I had a difficult time grappling with the concepts presented by Patricia Hill Collins in her chapter “Black Feminist Epistemology,” from her book Black Feminist Thought: Knowledge, Consciousness, and the Politics of Empowerment. While I am sympathetic to questioning knowledge sources and critically examining the sources of what we take to be knowledge, at the same time I am not sure I understand using personal narrative as a sufficient alternative. It seems like an extremely valuable tool for understanding the experiences of individual women, and perhaps drawing connections between the similarities in different narratives, but I am not sure I understand or agree with her assessment that “the universal comes from the particular” (Giovanni, 268). The particular seems particular precisely because it is so particular and subjective, so I do not understand how this extends to a universal.

Part of the issue with drawing universals out from personal narrative, to me, is that it seems to presuppose that something universal is to be found in the narratives, that there is something all Black women (in this case) share. But Collins writes herself that Black women academics (who are themselves a very specific subset of Black women) are a “heterogeneous collectivity” (267), and also discusses the “belief in individual uniqueness” (263) found in African American communities and quotes a woman, Johnetta Ray, who said that “No matter how hard we try, I don’t think black people will ever develop much of a herd instinct. We are profound individualists with a passion for self-expression” (263).
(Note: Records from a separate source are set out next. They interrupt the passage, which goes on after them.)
(* Let $G\subset\mathbb R^r$ be a lattice of rank $r$ acting on $C(\mathbb R^r)$ by $f^g(x)=f(x+g)$, and let $A$ be a $G$-invariant vector subspace of $C(\mathbb R^r)$. If $A^G=A\cap C^G$ is finite dimensional, then $P_n^G(A)=A\cap P_n^G$ is finite dimensional for every $n\in\mathbb Z_+$.
   Context: $C(\mathbb R^r)$ is the algebra of continuous (real or complex) functions on $\mathbb R^r$; $x_1,\dots,x_r$ are the standard coordinates. $C^G$ is the set of continuous $G$-periodic functions ($f(x+g)=f(x)$ for all $g\in G$). $P_n^G$ is the space of polynomials in $x_1,\dots,x_r$ of degree at most $n$ with coefficients in $C^G$. $A$ is $G$-invariant if $f\in A$ implies $f(\cdot+g)\in A$ for all $g\in G$. *)

theory Defs
  imports "HOL-Analysis.Analysis"
begin

text \<open>Points of R^r are vectors of type real^'n with r = CARD('n).
  Scalars 'b are real or complex (class real_normed_field).\<close>

definition full_rank_lattice :: "(real^'n) set \<Rightarrow> bool" where
  "full_rank_lattice G \<longleftrightarrow>
     (\<exists>b :: 'n \<Rightarrow> real^'n. inj b \<and> independent (range b) \<and>
        G = {(\<Sum>i\<in>UNIV. of_int (k i) *\<^sub>R b i) | k :: 'n \<Rightarrow> int. True})"

definition periodic_cont :: "(real^'n) set \<Rightarrow> (real^'n \<Rightarrow> 'b::real_normed_field) set" where
  "periodic_cont G = {f. continuous_on UNIV f \<and> (\<forall>g\<in>G. \<forall>x. f (x + g) = f x)}"

definition poly_periodic :: "nat \<Rightarrow> (real^'n) set \<Rightarrow> (real^'n \<Rightarrow> 'b::real_normed_field) set" where
  "poly_periodic n G = {f. \<exists>c :: ('n \<Rightarrow> nat) \<Rightarrow> real^'n \<Rightarrow> 'b.
      (\<forall>\<alpha>. c \<alpha> \<in> periodic_cont G) \<and>
      f = (\<lambda>x. \<Sum>\<alpha>\<in>{\<alpha>. sum \<alpha> UNIV \<le> n}. c \<alpha> x * (\<Prod>i\<in>UNIV. of_real (x $ i) ^ \<alpha> i))}"

definition cont_subspace :: "(real^'n \<Rightarrow> 'b::real_normed_field) set \<Rightarrow> bool" where
  "cont_subspace A \<longleftrightarrow> (\<forall>f\<in>A. continuous_on UNIV f) \<and> (\<lambda>x. 0) \<in> A \<and>
     (\<forall>f\<in>A. \<forall>h\<in>A. (\<lambda>x. f x + h x) \<in> A) \<and> (\<forall>c. \<forall>f\<in>A. (\<lambda>x. c * f x) \<in> A)"

definition G_invariant :: "(real^'n) set \<Rightarrow> (real^'n \<Rightarrow> 'b) set \<Rightarrow> bool" where
  "G_invariant G A \<longleftrightarrow> (\<forall>f\<in>A. \<forall>g\<in>G. (\<lambda>x. f (x + g)) \<in> A)"

definition fun_span :: "('a \<Rightarrow> 'b::field) set \<Rightarrow> ('a \<Rightarrow> 'b) set" where
  "fun_span F = {f. \<exists>S a. finite S \<and> S \<subseteq> F \<and> f = (\<lambda>x. \<Sum>h\<in>S. a h * h x)}"

definition fin_dim :: "('a \<Rightarrow> 'b::field) set \<Rightarrow> bool" where
  "fin_dim S \<longleftrightarrow> (\<exists>F. finite F \<and> F \<subseteq> S \<and> S \<subseteq> fun_span F)"

end

theory Submission
  imports Defs "HOL-Library.Function_Algebras"
begin

text \<open>Let b_1, ..., b_r be a basis of G and \<Delta>_i f = f(\<cdot> + b_i) - f. These difference
  operators are linear and, by G-invariance, preserve A. Since the coefficients are G-periodic
  and differencing a monomial lowers its degree, \<Delta>_i maps A \<inter> P_(n+1)^G into A \<inter> P_n^G,
  while the common kernel of the \<Delta>_i consists of G-periodic functions and so lies in A^G.
  A space on which finitely many linear maps have finite-dimensional images and a
  finite-dimensional common kernel is itself finite dimensional, so induction on n, starting
  from P_0^G \<subseteq> C^G, proves the theorem.\<close>

section \<open>Finite dimensionality in spaces of functions\<close>

definition fun_scale :: "'b::field \<Rightarrow> ('a \<Rightarrow> 'b) \<Rightarrow> ('a \<Rightarrow> 'b)" where
  "fun_scale c f = (\<lambda>x. c * f x)"

interpretation fun_vs: vector_space "fun_scale :: 'b::field \<Rightarrow> ('a \<Rightarrow> 'b) \<Rightarrow> ('a \<Rightarrow> 'b)"
  by unfold_locales (auto simp: fun_scale_def fun_eq_iff algebra_simps)

lemma sum_fun_apply: "(sum f S) x = (\<Sum>a\<in>S. f a x)"
  by (induction S rule: infinite_finite_induct) auto

lemma fun_span_eq_span: "fun_span F = fun_vs.span F"
  unfolding fun_span_def fun_vs.span_explicit
  by (auto simp: fun_eq_iff sum_fun_apply fun_scale_def)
How is it then that personal narrative and experience can give knowledge about more than just that personal experience, unless it is also combined with other forms of epistemology to give a more holistic account?

Another thing that seemed problematic to me is how the “ethic of caring” functions. If “personal expressiveness, emotions, and empathy are central parts of the knowledge validation process” (263), where does this leave the knowledge of individuals who may be lacking in one or more of these categories. TMany individuals with Asperger’s Syndrome (a form of high functioning Autism) do become intellectuals or academics, due to their propensity to seek facts. However, they usually lack or at least struggle with empathy, and also struggle with personal expressiveness or expressing their emotions in an acceptable way. Where does an epistemology like this leave those individuals—if a Black woman like this seeks knowledge in a way that does align with a more traditional and institutionalized epistemology, would she be considered to be letting down her fellow Black women because she is not participating in their emotion-based process of knowledge validation?